- _ASSIGNED TASK_:
Each line from the one that has "then show ?case using m" through the final line of the listing is to be written out exactly, and no other line is.

- _SUPPLIED ENTRIES_:
lemma (in group_hom) subgroup_vimage:
  assumes "subgroup T H" shows "subgroup (carrier G \<inter> h -` T) G"
proof (rule G.subgroupI)
  show "carrier G \<inter> h -` T \<noteq> {}"
    using subgroup.one_closed[OF assms] by (auto intro!: exI[of _ \<one>])
qed (use assms in \<open>auto simp: subgroup.m_closed subgroup.m_inv_closed\<close>)

lemma group_hom_equalizer_subgroup:
  assumes f: "group_hom G H f" and g: "group_hom G H g"
  shows "subgroup {x \<in> carrier G. f x = g x} G"
proof -
  interpret f: group_hom G H f by fact
  interpret g: group_hom G H g by fact
  show ?thesis by (rule f.G.subgroupI) auto
qed

lemma brace_hom_group_hom:
  assumes "left_brace R" "left_brace S" "brace_hom R S f"
  shows "group_hom R S f" "group_hom (add_monoid R) (add_monoid S) f"
proof -
  have "group R" "group S" "group (add_monoid R)" "group (add_monoid S)"
    using left_brace_groups assms(1,2) by blast+
  then show "group_hom R S f" "group_hom (add_monoid R) (add_monoid S) f"
    using assms(3) by (auto simp: brace_hom_def group_hom_def group_hom_axioms_def hom_def)
qed

lemma brace_hom_image_subbrace:
  assumes "left_brace R" "left_brace S" "brace_hom R S f"
  shows "subbrace S (f ` carrier R)"
  using group_hom.img_is_subgroup[OF brace_hom_group_hom(1)[OF assms]]
    group_hom.img_is_subgroup[OF brace_hom_group_hom(2)[OF assms]]
  by (simp add: subbrace_def)

lemma brace_hom_vimage_subbrace:
  assumes "left_brace R" "left_brace S" "brace_hom R S f" "subbrace S T"
  shows "subbrace R (carrier R \<inter> f -` T)"
  using group_hom.subgroup_vimage[OF brace_hom_group_hom(1)[OF assms(1-3)]]
    group_hom.subgroup_vimage[OF brace_hom_group_hom(2)[OF assms(1-3)]] assms(4)
  by (simp add: subbrace_def)

lemma brace_hom_equalizer_subbrace:
  assumes "left_brace R" "left_brace S" "brace_hom R S f" "brace_hom R S g"
  shows "subbrace R {x \<in> carrier R. f x = g x}"
  using group_hom_equalizer_subgroup[OF brace_hom_group_hom(1)[OF assms(1-3)]
      brace_hom_group_hom(1)[OF assms(1,2,4)]]
    group_hom_equalizer_subgroup[OF brace_hom_group_hom(2)[OF assms(1-3)]
      brace_hom_group_hom(2)[OF assms(1,2,4)]]
  by (simp add: subbrace_def)

definition brace_lambda :: "'a ring \<Rightarrow> 'a \<Rightarrow> 'a \<Rightarrow> 'a" where
  "brace_lambda A x y = \<ominus>\<^bsub>A\<^esub> x \<oplus>\<^bsub>A\<^esub> x \<otimes>\<^bsub>A\<^esub> y"

lemma brace_star_eq_lambda: "brace_star A x y = brace_lambda A x y \<ominus>\<^bsub>A\<^esub> y"
  by (simp add: brace_star_def brace_lambda_def)

lemma (in abelian_group) a_inv_zero [simp]: "\<ominus> \<zero> = \<zero>"
  by (rule minus_equality) simp_all

locale brace = abelian_group A + group A for A :: "'a ring" (structure) +
  assumes distrib: "\<And>a b c. a \<in> carrier A \<Longrightarrow> b \<in> carrier A \<Longrightarrow> c \<in> carrier A \<Longrightarrow>
     a \<otimes> (b \<oplus> c) = a \<otimes> b \<ominus> a \<oplus> a \<otimes> c"

lemma left_brace_imp_brace: "left_brace A \<Longrightarrow> brace A"
  unfolding left_brace_def brace_def brace_axioms_def by blast

context brace
begin

lemma one_eq_zero: "\<one> = \<zero>"
proof -
  have "\<one> \<otimes> (\<zero> \<oplus> \<zero>) = \<one> \<otimes> \<zero> \<ominus> \<one> \<oplus> \<one> \<otimes> \<zero>"
    by (rule distrib) auto
  then have "\<zero> = \<ominus> \<one>" by (simp add: a_minus_def)
  then have "\<ominus> \<zero> = \<one>" using minus_minus[of \<one>] by simp
  then show ?thesis by simp
qed

lemma lambda_closed [simp]: "x \<in> carrier A \<Longrightarrow> y \<in> carrier A \<Longrightarrow> brace_lambda A x y \<in> carrier A"
  by (simp add: brace_lambda_def)

lemma star_closed [simp]: "x \<in> carrier A \<Longrightarrow> y \<in> carrier A \<Longrightarrow> brace_star A x y \<in> carrier A"
  by (simp add: brace_star_eq_lambda)

lemma mult_eq_add_lambda: "x \<in> carrier A \<Longrightarrow> y \<in> carrier A \<Longrightarrow> x \<otimes> y = x \<oplus> brace_lambda A x y"
  by (simp add: brace_lambda_def a_assoc[symmetric] r_neg)

lemma lambda_add: "x \<in> carrier A \<Longrightarrow> y \<in> carrier A \<Longrightarrow> z \<in> carrier A \<Longrightarrow>
   brace_lambda A x (y \<oplus> z) = brace_lambda A x y \<oplus> brace_lambda A x z"
  by (simp add: brace_lambda_def distrib a_minus_def a_ac)

lemma lambda_zero_right: "x \<in> carrier A \<Longrightarrow> brace_lambda A x \<zero> = \<zero>"
  using r_one[of x] by (simp add: brace_lambda_def l_neg flip: one_eq_zero)

lemma lambda_zero_left: "z \<in> carrier A \<Longrightarrow> brace_lambda A \<zero> z = z"
  using l_one[of z] by (simp add: brace_lambda_def one_eq_zero)

lemma lambda_mult: "x \<in> carrier A \<Longrightarrow> y \<in> carrier A \<Longrightarrow> z \<in> carrier A \<Longrightarrow>
   brace_lambda A x (brace_lambda A y z) = brace_lambda A (x \<otimes> y) z"
proof -
  assume xyz: "x \<in> carrier A" "y \<in> carrier A" "z \<in> carrier A"
  have neg: "brace_lambda A x (\<ominus> y) = \<ominus> brace_lambda A x y"
    using lambda_add[of x y "\<ominus> y"] xyz
    by (intro minus_equality[symmetric]) (simp_all add: r_neg lambda_zero_right a_comm)
  have "brace_lambda A x (brace_lambda A y z) = brace_lambda A x (\<ominus> y) \<oplus> brace_lambda A x (y \<otimes> z)"
    using xyz by (simp add: brace_lambda_def[of A y] lambda_add)
  also have "\<dots> = \<ominus> (\<ominus> x \<oplus> x \<otimes> y) \<oplus> (\<ominus> x \<oplus> x \<otimes> (y \<otimes> z))"
    using xyz by (simp add: neg) (simp add: brace_lambda_def)
  also have "\<dots> = brace_lambda A (x \<otimes> y) z"
    using xyz by (simp add: brace_lambda_def minus_add minus_minus m_assoc a_ac r_neg1 r_neg2)
  finally show ?thesis .
qed

lemma lambda_hom: "x \<in> carrier A \<Longrightarrow> brace_lambda A x \<in> hom (add_monoid A) (add_monoid A)"
  by (auto simp: hom_def lambda_add)

lemma lambda_int_pow: "x \<in> carrier A \<Longrightarrow> y \<in> carrier A \<Longrightarrow>
   brace_lambda A x (add_pow A (c::int) y) = add_pow A c (brace_lambda A x y)"
  using hom_int_pow[OF lambda_hom, of x y c] a_group by (simp add: add_pow_def)

end

locale brace_right_nil2 = brace +
  assumes brace_right_3: "brace_right A 3 = {\<zero>}"
begin

lemma lambda_star_eq_id:
  assumes "x \<in> carrier A" "y \<in> carrier A" "z \<in> carrier A"
  shows "brace_lambda A (brace_star A x y) z = z"
proof -
  have "brace_star A x y \<in> right_aux A 1"
    using assms by (simp add: star_in_star_set)
  then have "brace_star A (brace_star A x y) z \<in> right_aux A 2"
    using assms by (simp add: numeral_2_eq_2 star_in_star_set)
  then have "brace_lambda A (brace_star A x y) z \<oplus> \<ominus> z = \<zero>"
    using brace_right_3
    by (simp add: brace_right_def numeral_3_eq_3 numeral_2_eq_2 brace_star_eq_lambda a_minus_def)
  then show ?thesis
    using add.inv_solve_right'[of \<zero> "brace_lambda A (brace_star A x y) z" z] assms by simp
qed

text \<open>Because \<open>x y = (x + y) + x * y = (x * y) (x + y)\<close> and \<open>\<lambda>_(x * y)\<close> is the identity.\<close>

lemma lambda_add_left:
  assumes "x \<in> carrier A" "y \<in> carrier A" "z \<in> carrier A"
  shows "brace_lambda A (x \<oplus> y) z = brace_lambda A x (brace_lambda A y z)"
proof -
  let ?w = "brace_star A x y"
  have "x \<otimes> y = (x \<oplus> y) \<oplus> ?w"
    using assms by (simp add: mult_eq_add_lambda brace_star_eq_lambda a_minus_def a_ac r_neg1 r_neg2)
  also have "\<dots> = ?w \<otimes> (x \<oplus> y)"
    using assms by (simp add: mult_eq_add_lambda lambda_star_eq_id a_comm)
  finally have "brace_lambda A x (brace_lambda A y z) = brace_lambda A ?w (brace_lambda A (x \<oplus> y) z)"
    using assms by (simp add: lambda_mult)
  then show ?thesis
    using assms by (simp add: lambda_star_eq_id)
qed

lemma lambda_int_pow_eq_id:
  assumes "w \<in> carrier A" "\<And>z. z \<in> carrier A \<Longrightarrow> brace_lambda A w z = z" "z \<in> carrier A"
  shows "brace_lambda A (add_pow A (c::int) w) z = z"
proof (induction c rule: int_induct[where k=0])
  case base then show ?case using assms by (simp add: add_pow_def lambda_zero_left)
next
  case (step1 c)
  have "add_pow A (c + 1) w = add_pow A c w \<oplus> w"
    using assms add.int_pow_mult[of w c 1] by simp
  then show ?case using step1 assms by (simp add: lambda_add_left)
next
  case (step2 c)
  have "add_pow A c w = add_pow A (c - 1) w \<oplus> w"
    using assms add.int_pow_mult[of w "c - 1" 1] by simp
  then show ?case using step2 assms by (simp add: lambda_add_left)
qed

end

section \<open>The left brace \<open>B\<^sub>m\<close>\<close>

text \<open>\<open>binom_fps k\<close> is \<open>(1 + X)^k\<close> for \<open>k \<in> \<int>\<close>; \<open>binom_mult m k\<close> multiplies a coefficient
  vector by it modulo \<open>X^m\<close>.\<close>

definition binom_fps :: "int \<Rightarrow> int fps" where
  "binom_fps k = Abs_fps (gen_binom k)"

definition list_fps :: "int list \<Rightarrow> int fps" where
  "list_fps t = Abs_fps (\<lambda>i. if i < length t then t ! i else 0)"

definition binom_mult :: "nat \<Rightarrow> int \<Rightarrow> int list \<Rightarrow> int list" where
  "binom_mult m k t = map (fps_nth (binom_fps k * list_fps t)) [0..<m]"

lemma binom_fps_mult: "binom_fps a * binom_fps b = binom_fps (a + b)"
  by (rule fps_ext) (simp add: binom_fps_def fps_mult_nth gen_binom_Vandermonde atLeast0AtMost)

lemma binom_fps_0: "binom_fps 0 = 1"
proof (rule fps_ext)
  fix n show "fps_nth (binom_fps 0) n = fps_nth 1 n"
    by (cases n) (simp_all add: binom_fps_def)
qed

lemma binom_fps_1: "binom_fps 1 = 1 + fps_X"
  by (rule fps_ext) (auto simp: binom_fps_def gen_binom_1 fps_one_nth fps_X_def)

lemma length_binom_mult [simp]: "length (binom_mult m k t) = m"
  by (simp add: binom_mult_def)

lemma nth_binom_mult: "i < m \<Longrightarrow> binom_mult m k t ! i = fps_nth (binom_fps k * list_fps t) i"
  by (simp add: binom_mult_def)

lemma nth_binom_mult_sum:
  "length t = m \<Longrightarrow> i < m \<Longrightarrow> binom_mult m k t ! i = (\<Sum>j\<le>i. gen_binom k j * t ! (i - j))"
  by (auto simp: nth_binom_mult fps_mult_nth binom_fps_def list_fps_def atLeast0AtMost
      intro!: sum.cong)

lemma binom_mult_binom_mult: "binom_mult m k (binom_mult m l t) = binom_mult m (k + l) t"
proof (rule nth_equalityI)
  fix i assume "i < length (binom_mult m k (binom_mult m l t))"
  then have i: "i < m" by simp
  have "fps_nth (binom_fps k * list_fps (binom_mult m l t)) i
      = fps_nth (binom_fps k * (binom_fps l * list_fps t)) i"
    using i by (auto simp: fps_mult_nth list_fps_def nth_binom_mult intro!: sum.cong)
  then show "binom_mult m k (binom_mult m l t) ! i = binom_mult m (k + l) t ! i"
    using i by (simp add: nth_binom_mult mult.assoc[symmetric] binom_fps_mult)
qed simp

lemma binom_mult_0: "length t = m \<Longrightarrow> binom_mult m 0 t = t"
  by (rule nth_equalityI) (auto simp: nth_binom_mult binom_fps_0 list_fps_def)

lemma nth_binom_mult_1:
  "length t = m \<Longrightarrow> i < m \<Longrightarrow> binom_mult m 1 t ! i = t ! i + (if i = 0 then 0 else t ! (i - 1))"
  by (auto simp: nth_binom_mult binom_fps_1 list_fps_def distrib_right)

lemma hd_binom_mult: "0 < m \<Longrightarrow> length t = m \<Longrightarrow> binom_mult m k t ! 0 = t ! 0"
  by (simp add: nth_binom_mult fps_mult_nth binom_fps_def list_fps_def)

lemma binom_mult_add:
  "length x = m \<Longrightarrow> length y = m \<Longrightarrow> binom_mult m k (map2 (+) x y) = map2 (+) (binom_mult m k x) (binom_mult m k y)"
proof -
  assume "length x = m" "length y = m"
  then have "list_fps (map2 (+) x y) = list_fps x + list_fps y"
    by (intro fps_ext) (simp add: list_fps_def)
  then show ?thesis
    by (intro nth_equalityI) (auto simp: nth_binom_mult distrib_left)
qed

lemma Bm_mul_eq:
  "length x = m \<Longrightarrow> length y = m \<Longrightarrow> Bm_mul m x y = map2 (+) x (binom_mult m (x ! 0) y)"
  by (rule nth_equalityI) (auto simp: Bm_mul_def nth_binom_mult_sum)

lemma Bm_simps [simp]:
  "carrier (Bm m) = {xs. length xs = m}"
  "monoid.mult (Bm m) = Bm_mul m"
  "one (Bm m) = replicate m 0"
  "ring.zero (Bm m) = replicate m 0"
  "ring.add (Bm m) = map2 (+)"
  by (simp_all add: Bm_def)

lemma length_Bm_mul [simp]: "length (Bm_mul m x y) = m"
  by (simp add: Bm_mul_def)

lemma abelian_group_Bm: "abelian_group (Bm m)"
proof (rule abelian_groupI, goal_cases)
  case (6 x)
  then show ?case by (intro bexI[of _ "map uminus x"]) (auto intro!: nth_equalityI)
qed (auto intro!: nth_equalityI)

lemma Bm_a_inv: "length x = m \<Longrightarrow> \<ominus>\<^bsub>Bm m\<^esub> x = map uminus x"
  by (rule abelian_group.minus_equality[OF abelian_group_Bm]) (auto intro!: nth_equalityI)

lemma group_Bm:
  assumes m: "0 < m" shows "group (Bm m)"
proof (rule groupI, goal_cases)
  case (3 x y z)
  then have l: "length x = m" "length y = m" "length z = m" by auto
  have "Bm_mul m x y ! 0 = x ! 0 + y ! 0"
    using l m by (simp add: Bm_mul_eq hd_binom_mult)
  then have "Bm_mul m (Bm_mul m x y) z
      = map2 (+) (map2 (+) x (binom_mult m (x ! 0) y)) (binom_mult m (x ! 0 + y ! 0) z)"
    using l by (simp add: Bm_mul_eq)
  also have "\<dots> = Bm_mul m x (Bm_mul m y z)"
    using l by (simp add: Bm_mul_eq binom_mult_add binom_mult_binom_mult) (rule nth_equalityI, simp_all)
  finally show ?case by simp
next
  case (4 x)
  then show ?case using m by (simp add: Bm_mul_eq binom_mult_0) (auto intro!: nth_equalityI)
next
  case (5 x)
  then have l: "length x = m" by simp
  let ?y = "map uminus (binom_mult m (- (x ! 0)) x)"
  have "?y ! 0 = - (x ! 0)"
    using m l by (simp add: hd_binom_mult)
  then show ?case
    using l m by (intro bexI[of _ ?y]) (auto simp: Bm_mul_eq intro!: nth_equalityI)
qed auto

- _WRITTEN REPLY_:
  then show ?case using m by (simp add: Bm_mul_eq binom_mult_0) (auto intro!: nth_equalityI)
next
  case (5 x)
  then have l: "length x = m" by simp
  let ?y = "map uminus (binom_mult m (- (x ! 0)) x)"
  have "?y ! 0 = - (x ! 0)"
    using m l by (simp add: hd_binom_mult)
  then show ?case
    using l m by (intro bexI[of _ ?y]) (auto simp: Bm_mul_eq intro!: nth_equalityI)
qed auto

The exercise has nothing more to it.